Isn’t learning fun with play? The easiest way to teach kids and have their attention is via games. Self-control for kids can be taught via these simple activity games:

  1. The statue game: Kids are allowed to do anything and move until the music is ON, once it goes off, they stand still at their places and freeze like a statue without moving until the music goes ON again.
  2. The tempo game: This is a fun game too when the kids have to dance to the music, but the twist to the game is: they dance fast when the music is slow and dance slowly when the music is fast.
  3. The sit and stand game: The teacher when says sit, the kids have to stand and do the opposite when the teacher says stand, they sit.
  4. The clapping game: The teacher claps once to ask the kids to jump at their place once with two claps and jump twice with one clap. Then reverse it later.
  5. The even-odd game: The kids are made to sit in a circle or a row, and count numbers. Every even number kid claps instead of uttering the number. For example, the first kid starts by saying out loud “one”, but the next kid has only to clap, the next one says “three” and so on. This game can have a variant for elder kids regarding clap for the table of 7.
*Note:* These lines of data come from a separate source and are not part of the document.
lemma replacement_fusion_chooses_w:
  assumes "ESF_P B nab" and "society N" and distinct: "distinct [w, w', w'']"
    and Eww': "models (B Eww') = {w, w'}" and Ew': "models (B Ew') = {w'}"
    and Ew'w'': "models (B Ew'w'') = {w', w''}"
    and Eww'': "models (B Eww'') = {w, w''}" and Ew'': "models (B Ew'') = {w''}"
    and "locally_decisive B nab N D Eww' Ew'" and dom: "dom \<Psi> = N"
    and D_choose_w: "\<And>i. i \<in> D \<Longrightarrow> indiv_models i (the (\<Psi> i)) Eww' = {w}"
    and others_choose_w': "\<And>j. j \<in> N - D \<Longrightarrow> indiv_models j (the (\<Psi> j)) Eww' = {w'}"
    and all_choose_w': "\<And>j. j \<in> N \<Longrightarrow> indiv_models j (the (\<Psi> j)) Ew'w'' = {w'}"
  shows "models (B (nab \<Psi> Eww'')) = {w}"
proof -
  have society: "society (dom \<Psi>)"
    using \<open>society N\<close> dom by simp
  have "w \<noteq> w'" "w' \<noteq> w''"
    using distinct by simp_all
  have "models (B (nab \<Psi> Eww')) \<inter> models (B Ew') = {}"
    using locally_decisive_models[OF assms(9) dom, of w] D_choose_w others_choose_w' Ew' \<open>w \<noteq> w'\<close>
    by simp
  with Ew' have "w' \<notin> models (B (nab \<Psi> Eww'))"
    by simp
  moreover have "models (B (nab \<Psi> Eww')) \<subseteq> {w, w'}"
    using fusion_models_subset[OF society, of Eww'] Eww' by simp
  ultimately have "models (B (nab \<Psi> Eww')) = {w}"
    using models_nonempty[of "nab \<Psi> Eww'"] by blast
  moreover have "models (B (nab \<Psi> Ew'w'')) \<inter> models (B Ew'') = {}"
    using ESF_P_models[OF assms(1) society, of w' Ew'w'' Ew''] all_choose_w' dom Ew'' \<open>w' \<noteq> w''\<close>
    by simp
  with Ew'' have "models (B (nab \<Psi> Ew'w'')) \<noteq> {w''}"
    by auto
  ultimately show ?thesis
    using fusion_models_triangle[OF society distinct Eww' Ew'w'' Eww''] by simp
qed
9. Be Empathetic To Lead kids into Self-Control:

Kids should be made to play these games at least twice a week and for a good 30 minutes session each. They learn to control anxiety, learn to make correct decisions and improvise on their self-control or discipline skills. The kids show improvement in quicker with such games. Shifting between the rules and working on their memory helps them to bring in a cognitive feature.

Be-Empathetic

10. Can Patience be The Key?

Waiting for something can be a good practice but not for too long. Every time we wait or learn to tolerate to wait by showing patience, it is indeed a form of self-control. To acquire patience, it requires you to melt and deal with the anxiety in you. If your kid isn’t patient enough to wait for you to serve the food in the plate and place it on the dining table, instead resort to shouting, they think they get what they want by doing so. And never learn self-control. And if the parent shouts back at the kid, then remember the #2 we mentioned.

Rather, say “You are hungry, I know, just that the food is ready and you have to give me a bit to serve it on the plate ….. come help me to arrange the table” This reassures the kid that they need to control their urge and concentrate on the ways to achieve their goal. Also teaching the valuable skill of self-distraction. Giving them a positive message is a must to lead to success.

There are a lot of examples of self-control in school for kids. To be in the school and study, the kid needs to control their impulsive nature and pay attention to follow the directions and learn. Kids are asked to do a lot of things that they are not absolutely willing to. However, they know their end results are for good and modulate accordingly, don’t they? Even though a kid might have an urge to play outdoors but he chooses to sit in the class and learn to control his desire to play for his own good. But he knows that they play can happen later in the evening too. Helping your kids to learn to manage themselves is a big chunk of their childhood learning!